## [What is required]
How many lines in the data below contain the string "lemma"? Answer with the number only.

(Material shown begins)

lemma integral_regret_eq_bad_pulls:
  fixes \<sigma> \<Delta> :: real and K \<tau> :: nat
  assumes \<sigma>: "\<sigma> > 0" and upd: "case_prod upd \<in> borel_measurable borel"
  shows "(\<integral>\<omega>. regret upd K \<tau> \<Delta> \<omega> \<partial>bandit_space K \<tau> \<sigma>)
    = \<Delta> * (\<Sum>k<K. \<Sum>t<\<tau>. measure (bandit_space K \<tau> \<sigma>)
         {\<omega>\<in>space (bandit_space K \<tau> \<sigma>). \<not> arm \<omega> (policy upd \<tau> \<Delta> \<omega> k) k t})"
proof -
  define P where "P = bandit_space K \<tau> \<sigma>"
  define bad where "bad k t = {\<omega>\<in>space P. \<not> arm \<omega> (policy upd \<tau> \<Delta> \<omega> k) k t}" for k t
  interpret P: prob_space P unfolding P_def using \<sigma> by (rule prob_space_bandit_space)
  have bad: "bad k t \<in> sets P" for k t
    unfolding bad_def P_def by (rule sets_bad_pull[OF upd])
  have step: "integrable P (\<lambda>\<omega>. \<Delta> * indicator (bad k t) \<omega> - snd (\<omega> (k, t)))"
    "(\<integral>\<omega>. \<Delta> * indicator (bad k t) \<omega> - snd (\<omega> (k, t)) \<partial>P) = \<Delta> * measure P (bad k t)"
    if "k < K" "t < \<tau>" for k t
  proof -
    have "integrable P (\<lambda>\<omega>. snd (\<omega> (k, t)))" "(\<integral>\<omega>. snd (\<omega> (k, t)) \<partial>P) = 0"
      using noise_coordinate_mean_zero[OF \<sigma>, of "(k, t)" "{..<K} \<times> {..<\<tau>}"] that
      by (simp_all add: P_def bandit_space_def)
    moreover have "integrable P (indicator (bad k t) :: _ \<Rightarrow> real)"
      using bad by (intro integrable_real_indicator) (simp_all add: P.emeasure_finite less_top[symmetric])
    ultimately show "integrable P (\<lambda>\<omega>. \<Delta> * indicator (bad k t) \<omega> - snd (\<omega> (k, t)))"
      "(\<integral>\<omega>. \<Delta> * indicator (bad k t) \<omega> - snd (\<omega> (k, t)) \<partial>P) = \<Delta> * measure P (bad k t)"
      using bad by (simp_all add: P.emeasure_finite less_top[symmetric])
  qed
  have "regret upd K \<tau> \<Delta> \<omega> = (\<Sum>k<K. \<Sum>t<\<tau>. \<Delta> * indicator (bad k t) \<omega> - snd (\<omega> (k, t)))"
    if "\<omega> \<in> space P" for \<omega>
    unfolding regret_def reward_def bad_def using that by (intro sum.cong refl) (simp add: indicator_def)
  then have "(\<integral>\<omega>. regret upd K \<tau> \<Delta> \<omega> \<partial>P)
      = (\<integral>\<omega>. (\<Sum>k<K. \<Sum>t<\<tau>. \<Delta> * indicator (bad k t) \<omega> - snd (\<omega> (k, t))) \<partial>P)"
    by (rule Bochner_Integration.integral_cong[OF refl])
  also have "\<dots> = (\<Sum>k<K. \<integral>\<omega>. (\<Sum>t<\<tau>. \<Delta> * indicator (bad k t) \<omega> - snd (\<omega> (k, t))) \<partial>P)"
    by (rule Bochner_Integration.integral_sum) (auto intro!: Bochner_Integration.integrable_sum step)
  also have "\<dots> = (\<Sum>k<K. \<Sum>t<\<tau>. \<Delta> * measure P (bad k t))"
    by (intro sum.cong refl) (simp add: Bochner_Integration.integral_sum step)
  finally show ?thesis
    unfolding P_def bad_def sum_distrib_left .
qed

section \<open>The estimated gap of one phase\<close>

lemma delta_hat_cong:
  assumes "\<And>t. t < \<tau> \<Longrightarrow> \<omega> (k, t) = \<omega>' (k, t)"
  shows "delta_hat \<tau> \<Delta> \<omega> p k = delta_hat \<tau> \<Delta> \<omega>' p k"
  unfolding delta_hat_def emp_mean_eq_sum_div arm_def reward_def
  using assms by (intro arg_cong2[where f="(-)"] arg_cong2[where f="(/)"] sum.cong) auto

lemma policy_cong:
  assumes "\<And>k' t. k' < k \<Longrightarrow> t < \<tau> \<Longrightarrow> \<omega> (k', t) = \<omega>' (k', t)"
  shows "policy upd \<tau> \<Delta> \<omega> k = policy upd \<tau> \<Delta> \<omega>' k"
  using assms
proof (induction k)
  case (Suc k)
  then have "policy upd \<tau> \<Delta> \<omega> k = policy upd \<tau> \<Delta> \<omega>' k" by auto
  moreover have "delta_hat \<tau> \<Delta> \<omega> p k = delta_hat \<tau> \<Delta> \<omega>' p k" for p
    using Suc.prems by (intro delta_hat_cong) auto
  ultimately show ?case by simp
qed simp

lemma delta_hat_eq_gap_plus_noise:
  fixes \<omega> :: outcome and p :: real and k \<tau> :: nat
  defines "n1 \<equiv> (\<Sum>t<\<tau>. if arm \<omega> p k t then 1 else 0 :: real)"
    and "n0 \<equiv> (\<Sum>t<\<tau>. if \<not> arm \<omega> p k t then 1 else 0 :: real)"
  shows "delta_hat \<tau> \<Delta> \<omega> p k =
     (if n1 = 0 then 0 else \<Delta> / 2) + (if n0 = 0 then 0 else \<Delta> / 2)
     + (\<Sum>t<\<tau>. (if arm \<omega> p k t then 1 / n1 else - 1 / n0) * snd (\<omega> (k, t)))"
proof -
  define z where "z t = snd (\<omega> (k, t))" for t
  have mean: "emp_mean \<tau> \<Delta> \<omega> p k a = (if n = 0 then 0 else c) + (\<Sum>t<\<tau>. if arm \<omega> p k t = a then z t else 0) / n"
    if n: "n = (\<Sum>t<\<tau>. if arm \<omega> p k t = a then 1 else 0)" and c: "c = (if a then \<Delta> / 2 else - \<Delta> / 2)" for a n c
  proof -
    have "(\<Sum>t<\<tau>. if arm \<omega> p k t = a then reward \<Delta> \<omega> p k t else 0)
        = c * n + (\<Sum>t<\<tau>. if arm \<omega> p k t = a then z t else 0)"
      unfolding n sum_distrib_left sum.distrib[symmetric] by (rule sum.cong) (auto simp: reward_def z_def c)
    then show ?thesis
      unfolding emp_mean_eq_sum_div n[symmetric] by (simp add: add_divide_distrib)
  qed
  have "(\<Sum>t<\<tau>. (if arm \<omega> p k t then 1 / n1 else - 1 / n0) * z t)
      = (\<Sum>t<\<tau>. if arm \<omega> p k t then z t else 0) / n1 - (\<Sum>t<\<tau>. if \<not> arm \<omega> p k t then z t else 0) / n0"
    unfolding sum_divide_distrib sum_subtractf[symmetric] by (rule sum.cong) auto
  moreover have "emp_mean \<tau> \<Delta> \<omega> p k True = (if n1 = 0 then 0 else \<Delta> / 2) + (\<Sum>t<\<tau>. if arm \<omega> p k t then z t else 0) / n1"
    using mean[of n1 True "\<Delta> / 2"] unfolding n1_def by simp
  moreover have "emp_mean \<tau> \<Delta> \<omega> p k False = (if n0 = 0 then 0 else - \<Delta> / 2) + (\<Sum>t<\<tau>. if \<not> arm \<omega> p k t then z t else 0) / n0"
    using mean[of n0 False "- \<Delta> / 2"] unfolding n0_def by simp
  ultimately show ?thesis
    unfolding delta_hat_def z_def by simp
qed

text \<open>With Isabelle's convention 1 / 0 = 0, an empty class correctly contributes nothing.\<close>
lemma sum_sq_class_weights:
  fixes P :: "nat \<Rightarrow> bool" and \<tau> :: nat
  defines "n1 \<equiv> (\<Sum>t<\<tau>. if P t then 1 else 0 :: real)"
    and "n0 \<equiv> (\<Sum>t<\<tau>. if \<not> P t then 1 else 0 :: real)"
  shows "(\<Sum>t<\<tau>. (if P t then 1 / n1 else - 1 / n0)\<^sup>2) = 1 / n1 + 1 / n0"
    and "n1 + n0 = real \<tau>"
proof -
  have "(\<Sum>t<\<tau>. (if P t then 1 / n1 else - 1 / n0)\<^sup>2)
      = n1 * (1 / n1)\<^sup>2 + n0 * (1 / n0)\<^sup>2"
    unfolding n1_def n0_def sum_distrib_right sum.distrib[symmetric] by (rule sum.cong) auto
  then show "(\<Sum>t<\<tau>. (if P t then 1 / n1 else - 1 / n0)\<^sup>2) = 1 / n1 + 1 / n0"
    by (simp add: power2_eq_square)
  have "n1 + n0 = (\<Sum>t<\<tau>. 1)"
    unfolding n1_def n0_def sum.distrib[symmetric] by (rule sum.cong) auto
  then show "n1 + n0 = real \<tau>" by simp
qed

lemma gap_to_noise_ratio_bound:
  fixes n1 n0 \<Delta> \<sigma> :: real and \<tau> :: nat
  assumes n: "n1 \<ge> 0" "n0 \<ge> 0" "n1 + n0 = real \<tau>" "\<tau> > 0" and \<Delta>: "\<Delta> > 0" and \<sigma>: "\<sigma> > 0"
  defines "\<mu> \<equiv> (if n1 = 0 then 0 else \<Delta> / 2) + (if n0 = 0 then 0 else \<Delta> / 2)"
    and "v \<equiv> 1 / n1 + 1 / n0"
  shows "v > 0" and "- sqrt (real \<tau>) * \<Delta> / (2 * \<sigma>) \<le> - \<mu> / (\<sigma> * sqrt v)"
proof -
  consider "n1 = 0" "n0 = real \<tau>" | "n0 = 0" "n1 = real \<tau>" | "n1 > 0" "n0 > 0"
    using n by fastforce
  then have "v > 0 \<and> (2 * \<mu>)\<^sup>2 \<le> real \<tau> * v * \<Delta>\<^sup>2"
  proof cases
    case 3
    have "4 * (n1 * n0) \<le> (n1 + n0)\<^sup>2"
      using sum_squares_ge_zero[of "n1 - n0" 0] by (simp add: power2_eq_square algebra_simps)
    moreover have "real \<tau> * v = (n1 + n0)\<^sup>2 / (n1 * n0)"
      using 3 by (simp add: v_def n(3)[symmetric] field_simps power2_eq_square)
    ultimately have "4 \<le> real \<tau> * v"
      using 3 by (simp add: le_divide_eq)
    then show ?thesis
      using 3 \<Delta> by (simp add: \<mu>_def v_def power2_eq_square mult_right_mono add_pos_pos)
  qed (use n \<Delta> in \<open>simp_all add: \<mu>_def v_def power2_eq_square\<close>)
  then have "v > 0" and "2 * \<mu> \<le> sqrt (real \<tau>) * sqrt v * \<Delta>"
    using \<Delta> real_le_rsqrt[of "2 * \<mu>" "real \<tau> * v * \<Delta>\<^sup>2"]
    by (auto simp: real_sqrt_mult)
  then show "v > 0" and "- sqrt (real \<tau>) * \<Delta> / (2 * \<sigma>) \<le> - \<mu> / (\<sigma> * sqrt v)"
    using \<sigma> by (auto simp: field_simps)
qed

lemma emeasure_delta_hat_neg_given_draws:
  fixes u :: "nat \<times> nat \<Rightarrow> real" and p :: real and j \<tau> :: nat
  assumes \<sigma>: "\<sigma> > 0" and \<Delta>: "\<Delta> > 0" and \<tau>: "\<tau> > 0"
  shows "ennreal (Phi (- sqrt (real \<tau>) * \<Delta> / (2 * \<sigma>))) \<le>
    emeasure (PiM ({j} \<times> {..<\<tau>}) (\<lambda>_. noise_law \<sigma>))
      {z\<in>space (PiM ({j} \<times> {..<\<tau>}) (\<lambda>_. noise_law \<sigma>)). delta_hat \<tau> \<Delta> (\<lambda>i\<in>{j} \<times> {..<\<tau>}. (u i, z i)) p j < 0}"
proof -
  define n1 where "n1 = (\<Sum>t<\<tau>. if u (j, t) < p then 1 else 0 :: real)"
  define n0 where "n0 = (\<Sum>t<\<tau>. if \<not> u (j, t) < p then 1 else 0 :: real)"
  define \<mu> where "\<mu> = (if n1 = 0 then 0 else \<Delta> / 2) + (if n0 = 0 then 0 else \<Delta> / 2)"
  define c where "c = (\<lambda>t. if u (j, t) < p then 1 / n1 else - 1 / n0)"
  have sum_J: "(\<Sum>i\<in>{j} \<times> {..<\<tau>}. f i) = (\<Sum>t<\<tau>. f (j, t))" for f :: "nat \<times> nat \<Rightarrow> real"
  proof -
    have "{j} \<times> {..<\<tau>} = Pair j ` {..<\<tau>}" by auto
    then show ?thesis by (simp add: sum.reindex inj_on_def)
  qed
  have "delta_hat \<tau> \<Delta> (\<lambda>i\<in>{j} \<times> {..<\<tau>}. (u i, z i)) p j = \<mu> + (\<Sum>i\<in>{j} \<times> {..<\<tau>}. c (snd i) * z i)" for z
  proof -
    have arm: "arm (\<lambda>i\<in>{j} \<times> {..<\<tau>}. (u i, z i)) p j t = (u (j, t) < p)" and noise: "snd ((\<lambda>i\<in>{j} \<times> {..<\<tau>}. (u i, z i)) (j, t)) = z (j, t)"
      if "t < \<tau>" for t
      using that by (simp_all add: arm_def)
    have counts: "(\<Sum>t<\<tau>. if arm (\<lambda>i\<in>{j} \<times> {..<\<tau>}. (u i, z i)) p j t then 1 else 0 :: real) = n1"
        "(\<Sum>t<\<tau>. if \<not> arm (\<lambda>i\<in>{j} \<times> {..<\<tau>}. (u i, z i)) p j t then 1 else 0 :: real) = n0"
      and weights: "(\<Sum>t<\<tau>. (if arm (\<lambda>i\<in>{j} \<times> {..<\<tau>}. (u i, z i)) p j t then 1 / n1 else - 1 / n0) * snd ((\<lambda>i\<in>{j} \<times> {..<\<tau>}. (u i, z i)) (j, t)))
            = (\<Sum>i\<in>{j} \<times> {..<\<tau>}. c (snd i) * z i)"
      unfolding n1_def n0_def c_def sum_J by (auto intro!: sum.cong simp: arm noise)
    show ?thesis
      unfolding delta_hat_eq_gap_plus_noise[where \<omega>="\<lambda>i\<in>{j} \<times> {..<\<tau>}. (u i, z i)" and k=j] counts weights \<mu>_def ..
  qed
  moreover have "(\<Sum>i\<in>{j} \<times> {..<\<tau>}. (c (snd i))\<^sup>2) = 1 / n1 + 1 / n0" and "n1 + n0 = real \<tau>"
    using sum_sq_class_weights[of "\<lambda>t. u (j, t) < p" \<tau>]
    unfolding c_def n1_def n0_def sum_J by simp_all
  moreover have "n1 \<ge> 0" "n0 \<ge> 0" unfolding n1_def n0_def by (auto intro!: sum_nonneg)
  ultimately show ?thesis
    using gap_to_noise_ratio_bound[of n1 n0 \<tau> \<Delta> \<sigma>] \<tau> \<Delta> \<sigma> Phi_mono
      emeasure_PiM_normal_affine_neg[OF \<sigma>, of "{j} \<times> {..<\<tau>}" "\<lambda>i. c (snd i)" \<mu>]
    unfolding \<mu>_def by (simp add: ennreal_leI)
qed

(Material shown ends)

## [Result below]
7